Агаша, тяжело за мной тянуться, а я грести не могу успевать за тобой, ты уж не обижайся. Стог опять я сложу, только ты стожары да подпоры высеки.
А она говорит:
— А чо тебе ладно, так мне и подавно ладно.
Так мы и приноровились. Косит она ровно, не вынуждает себя, зато гребет — только грабли свистят. А нагребем довольно перевалов, я без лошади охапками в стога ношу. Вот дело у нас идет без остановки и без споров.

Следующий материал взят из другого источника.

lemma walk_Cons_Cons [simp]: "walk adj (x # y # xs) \<longleftrightarrow> adj x y \<and> walk adj (y # xs)"
  unfolding walk_def
proof safe
  fix i assume "\<forall>i. Suc i < length (x # y # xs) \<longrightarrow> adj ((x # y # xs) ! i) ((x # y # xs) ! Suc i)"
    and "Suc i < length (y # xs)"
  then show "adj ((y # xs) ! i) ((y # xs) ! Suc i)"
    by (metis Suc_less_eq length_Cons nth_Cons_Suc)
next
  fix i assume "adj x y" "\<forall>i. Suc i < length (y # xs) \<longrightarrow> adj ((y # xs) ! i) ((y # xs) ! Suc i)"
    "Suc i < length (x # y # xs)"
  then show "adj ((x # y # xs) ! i) ((x # y # xs) ! Suc i)"
    by (cases i) auto
qed auto

lemma walk_Cons: "walk adj (x # xs) \<longleftrightarrow> xs = [] \<or> adj x (hd xs) \<and> walk adj xs"
  by (cases xs) auto

lemma walk_append:
  assumes "xs \<noteq> []" "ys \<noteq> []"
  shows "walk adj (xs @ ys) \<longleftrightarrow> walk adj xs \<and> walk adj ys \<and> adj (last xs) (hd ys)"
  using assms by (induction xs rule: induct_list012) (auto simp: walk_Cons)

lemma walk_rev:
  assumes "\<And>a b. adj a b \<Longrightarrow> adj b a" "walk adj xs"
  shows "walk adj (rev xs)"
    using assms(2)
proof (induction xs)
  case (Cons x xs)
  show ?case
  proof (cases xs)
    case (Cons y ys)
    then have "walk adj (rev xs)" "adj (last (rev xs)) x"
      using Cons.IH Cons.prems assms(1) by (auto simp: last_rev)
    then show ?thesis
      using walk_append[of "rev xs" "[x]" adj] Cons by simp
  qed simp
qed simp
lemma csupp_bd: "csupp (bd c) \<subseteq> {\<tau>. \<tau> \<noteq> {} \<and> (\<exists>v. v \<notin> \<tau> \<and> insert v \<tau> \<in> csupp c)}"
  using bd_nonzero_imp_coface by (auto simp: csupp_def)

lemma csupp_add: "csupp (x + y) \<subseteq> csupp x \<union> csupp (y :: 'a set \<Rightarrow> 'g::ab_group_add)"
  by (auto simp: csupp_def)

lemma csupp_uminus [simp]: "csupp (- x) = csupp (x :: 'a set \<Rightarrow> 'g::ab_group_add)"
  by (auto simp: csupp_def)

lemma bd_add:
  assumes "finite (csupp x)" "finite (csupp y)"
  shows "bd (x + y) = bd x + bd y"
proof
  fix \<tau>
  show "bd (x + y) \<tau> = (bd x + bd y) \<tau>"
  proof (cases "\<tau> = {}")
    case False
    let ?F = "coface_vertices x \<tau> \<union> coface_vertices y \<tau>"
    have F: "finite ?F" "?F \<inter> \<tau> = {}"
      using assms finite_coface_vertices by (auto simp: coface_vertices_def)
    have "coface_vertices (x + y) \<tau> \<subseteq> ?F"
      by (auto simp: coface_vertices_def csupp_def)
    then show ?thesis
      using bd_eq_sum_superset[OF F(1) _ F(2) False, of "x + y"]
        bd_eq_sum_superset[OF F(1) _ F(2) False, of x]
        bd_eq_sum_superset[OF F(1) _ F(2) False, of y]
      by (simp add: alt_sign_add sum.distrib)
  qed simp
qed

lemma bd_uminus [simp]: "bd (- x) = - bd x"
  by (rule ext) (simp add: bd_eq_sum alt_sign_minus sum_negf coface_vertices_def)

lemma bd_zero [simp]: "bd 0 = 0"
  by (rule ext) (simp add: bd_eq_sum coface_vertices_def csupp_def)

lemma finite_csupp_bd:
  assumes "finite (csupp c)" "\<forall>\<sigma>\<in>csupp c. finite \<sigma>"
  shows "finite (csupp (bd c))"
proof (rule finite_subset)
  show "csupp (bd c) \<subseteq> (\<Union>\<sigma>\<in>csupp c. (\<lambda>v. \<sigma> - {v}) ` \<sigma>)"
  proof
    fix \<tau> assume "\<tau> \<in> csupp (bd c)"
    then obtain v where "v \<notin> \<tau>" "insert v \<tau> \<in> csupp c"
      using csupp_bd by blast
    then show "\<tau> \<in> (\<Union>\<sigma>\<in>csupp c. (\<lambda>v. \<sigma> - {v}) ` \<sigma>)"
      by (intro UN_I[of "insert v \<tau>"] image_eqI[of _ _ v]) auto
  qed
qed (use assms in simp)

lemma count_below_insert_less:
  assumes "finite \<rho>" "v < w" "v \<notin> \<rho>"
  shows "count_below (insert v \<rho>) w = Suc (count_below \<rho> w)"
proof -
  have "{u\<in>insert v \<rho>. u < w} = insert v {u\<in>\<rho>. u < w}"
    using assms(2) by auto
  then show ?thesis
    using assms by (simp add: count_below_def)
qed

lemma count_below_insert_greater:
  assumes "w < v"
  shows "count_below (insert v \<rho>) w = count_below \<rho> w"
proof -
  have "{u\<in>insert v \<rho>. u < w} = {u\<in>\<rho>. u < w}"
    using assms by auto
  then show ?thesis
    by (simp add: count_below_def)
qed

lemma sum_offdiagonal_antisym:
  fixes f :: "'a::linorder \<Rightarrow> 'a \<Rightarrow> 'g::ab_group_add"
  assumes "finite F" and antisym: "\<And>v w. v \<in> F \<Longrightarrow> w \<in> F \<Longrightarrow> w < v \<Longrightarrow> f v w = - f w v"
  shows "(\<Sum>v\<in>F. \<Sum>w\<in>F - {v}. f v w) = 0"
proof -
  let ?upper = "\<lambda>v w. if v < w then f v w else 0" and ?lower = "\<lambda>v w. if w < v then f v w else 0"
  have "(\<Sum>w\<in>F - {v}. f v w) = (\<Sum>w\<in>F. ?upper v w + ?lower v w)" if "v \<in> F" for v
  proof -
    have "(\<Sum>w\<in>F - {v}. f v w) = (\<Sum>w\<in>F - {v}. ?upper v w + ?lower v w)"
      by (intro sum.cong) auto
    also have "\<dots> = (\<Sum>w\<in>F. ?upper v w + ?lower v w)"
      using assms(1) that by (intro sum.mono_neutral_left) auto
    finally show ?thesis .
  qed
  then have "(\<Sum>v\<in>F. \<Sum>w\<in>F - {v}. f v w)
      = (\<Sum>v\<in>F. \<Sum>w\<in>F. ?upper v w) + (\<Sum>v\<in>F. \<Sum>w\<in>F. ?lower v w)"
    by (simp add: sum.distrib)
  also have "(\<Sum>v\<in>F. \<Sum>w\<in>F. ?lower v w) = (\<Sum>w\<in>F. \<Sum>v\<in>F. ?lower v w)"
    by (rule sum.swap)
  also have "\<dots> = (\<Sum>w\<in>F. \<Sum>v\<in>F. - ?upper w v)"
  proof (intro sum.cong refl)
    fix w v assume "w \<in> F" "v \<in> F"
    then show "?lower v w = - ?upper w v"
      using antisym[of v w] by simp
  qed
  also have "\<dots> = - (\<Sum>w\<in>F. \<Sum>v\<in>F. ?upper w v)"
    by (simp add: sum_negf)
  finally show ?thesis
    by simp
qed
lemma second_difference_estimate:
  fixes f :: "'a::real_normed_vector \<Rightarrow> real"
  assumes f': "\<And>z. (f has_derivative f' z) (at z)"
    and B: "((\<lambda>z. f' z a) has_derivative B) (at x)"
    and e: "e > 0"
  shows "\<exists>d>0. \<forall>s. 0 < s \<and> s < d \<longrightarrow>
     \<bar>(f (x + s *\<^sub>R a + s *\<^sub>R b) - f (x + s *\<^sub>R a) - f (x + s *\<^sub>R b) + f x) - s\<^sup>2 * B b\<bar>
        \<le> e * s\<^sup>2 * (2 * norm a + norm b)"
proof -
  let ?G = "\<lambda>z. f' z a"
  have "linear B" using B by (rule has_derivative_linear)
  from B e obtain d0 where "d0 > 0"
    and d0: "\<And>y. norm (y - x) < d0 \<Longrightarrow> norm (?G y - ?G x - B (y - x)) \<le> e * norm (y - x)"
    unfolding has_derivative_at_alt by blast
  have "norm a + norm b + 1 > 0" by (simp add: add_nonneg_pos)
  define d where "d = d0 / (norm a + norm b + 1)"
  have "d > 0" using \<open>d0 > 0\<close> \<open>norm a + norm b + 1 > 0\<close> by (simp add: d_def)
  moreover have "\<bar>(f (x + s *\<^sub>R a + s *\<^sub>R b) - f (x + s *\<^sub>R a) - f (x + s *\<^sub>R b) + f x) - s\<^sup>2 * B b\<bar>
        \<le> e * s\<^sup>2 * (2 * norm a + norm b)" if s: "0 < s" "s < d" for s
  proof -
    have s_small: "s * (norm a + norm b) < d0"
    proof -
      have "s * (norm a + norm b) \<le> s * (norm a + norm b + 1)" using s by simp
      also have "\<dots> < d * (norm a + norm b + 1)"
        using s by (intro mult_strict_right_mono) (auto simp: add_nonneg_pos)
      also have "\<dots> = d0" using \<open>norm a + norm b + 1 > 0\<close> by (simp add: d_def)
      finally show ?thesis .
    qed
    define \<phi> where "\<phi> t = f (x + t *\<^sub>R a + s *\<^sub>R b) - f (x + t *\<^sub>R a)" for t
    have f'_scale: "f' z (t *\<^sub>R a) = t * ?G z" for z t
      using linear_scale[OF has_derivative_linear[OF f'[of z]], of t a] by simp
    have \<phi>': "(\<phi> has_real_derivative (?G (x + t *\<^sub>R a + s *\<^sub>R b) - ?G (x + t *\<^sub>R a))) (at t)" for t
    proof -
      have "((\<lambda>t. x + t *\<^sub>R a + s *\<^sub>R b) has_derivative (\<lambda>h. h *\<^sub>R a)) (at t)"
           "((\<lambda>t. x + t *\<^sub>R a) has_derivative (\<lambda>h. h *\<^sub>R a)) (at t)"
        by (auto intro!: derivative_eq_intros)
      then have "(\<phi> has_derivative (\<lambda>h. f' (x + t *\<^sub>R a + s *\<^sub>R b) (h *\<^sub>R a) - f' (x + t *\<^sub>R a) (h *\<^sub>R a))) (at t)"
        unfolding \<phi>_def[abs_def] by (intro has_derivative_diff has_derivative_compose[OF _ f'])
      then show ?thesis unfolding has_field_derivative_def f'_scale
        by (rule has_derivative_eq_rhs) (auto simp: fun_eq_iff algebra_simps)
    qed
    obtain \<xi> where \<xi>: "0 < \<xi>" "\<xi> < s"
      and mvt: "\<phi> s - \<phi> 0 = (s - 0) * (?G (x + \<xi> *\<^sub>R a + s *\<^sub>R b) - ?G (x + \<xi> *\<^sub>R a))"
      using MVT2[of 0 s \<phi>, OF s(1) \<phi>'] by blast
    define z1 where "z1 = x + \<xi> *\<^sub>R a + s *\<^sub>R b"
    define z2 where "z2 = x + \<xi> *\<^sub>R a"
    have "norm (z1 - x) \<le> s * (norm a + norm b)"
    proof -
      have "norm (z1 - x) \<le> norm (\<xi> *\<^sub>R a) + norm (s *\<^sub>R b)" unfolding z1_def
        by (metis add_diff_cancel_left' add.assoc norm_triangle_ineq)
      also have "\<dots> \<le> s * norm a + s * norm b" using \<xi> s
        by (auto intro!: add_mono mult_right_mono)
      finally show ?thesis by (simp add: algebra_simps)
    qed
    then have err1: "\<bar>?G z1 - ?G x - B (z1 - x)\<bar> \<le> e * (s * (norm a + norm b))"
      using d0[of z1] s_small e by (auto intro: order_trans mult_left_mono)
    have "norm (z2 - x) \<le> s * norm a" "s * norm a \<le> s * (norm a + norm b)"
      unfolding z2_def using \<xi> s by (auto intro!: mult_right_mono mult_left_mono)
    then have err2: "\<bar>?G z2 - ?G x - B (z2 - x)\<bar> \<le> e * (s * norm a)"
      using d0[of z2] s_small e by (auto intro: order_trans mult_left_mono)
    have "B (z1 - x) - B (z2 - x) = s * B b"
      using linear_diff[OF \<open>linear B\<close>] linear_scale[OF \<open>linear B\<close>]
      by (metis z1_def z2_def add_diff_cancel_left' add_diff_eq diff_diff_eq2 real_scaleR_def)
    then have "s * (?G z1 - ?G z2) - s\<^sup>2 * B b
        = s * ((?G z1 - ?G x - B (z1 - x)) - (?G z2 - ?G x - B (z2 - x)))"
      by (simp add: power2_eq_square algebra_simps)
    then have "\<bar>s * (?G z1 - ?G z2) - s\<^sup>2 * B b\<bar>
        = s * \<bar>(?G z1 - ?G x - B (z1 - x)) - (?G z2 - ?G x - B (z2 - x))\<bar>"
      using s by (simp add: abs_mult)
    also have "\<dots> \<le> s * (e * (s * (norm a + norm b)) + e * (s * norm a))"
      using err1 err2 s by (intro mult_left_mono) auto
    also have "\<dots> = e * s\<^sup>2 * (2 * norm a + norm b)" by (simp add: power2_eq_square algebra_simps)
    finally show ?thesis using mvt unfolding \<phi>_def z1_def z2_def by simp
  qed
  ultimately show ?thesis by blast
qed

Домой придем — хозяйка спрашивает, как работаем. А мы обе довольны друг дружкой. В одном только мы не сошлись: она есть-то крепче меня ела, кашу любила, а я — чай. Она меня чайной рекой звала, а я отшучиваюсь:
— Чайник на огне не сгорит. Ну а ты — кашная смерть.
И рассказываю:
— Одна старуха-свекровка старая стала. Сын надеется, что жена кормит мать, а жена пойдет, кашу понесет в горницу к старухе и покажет ей кулак: «Этого, — говорит, — хошь?» А старуха шамкает: «Шама, кормилича, ешь». Выносит обратно: «Ничего мать не ест, как я насилу-то кормить буду?»
Уехал как-то сын в лес. Женка печь затопила, полную избу дыма напустила. А свекровка лежит, чихает и приговаривает: «Дым да чад — душа моя, каша с маслом — то смерть моя». Невестка испугалась: «Ой, значит, от дыму старуха скоро не помрет». Открыла двери, выпустила весь дым, наварила каши, налила масла, несет к свекровке. Та набросилась на кашу, объелась и померла.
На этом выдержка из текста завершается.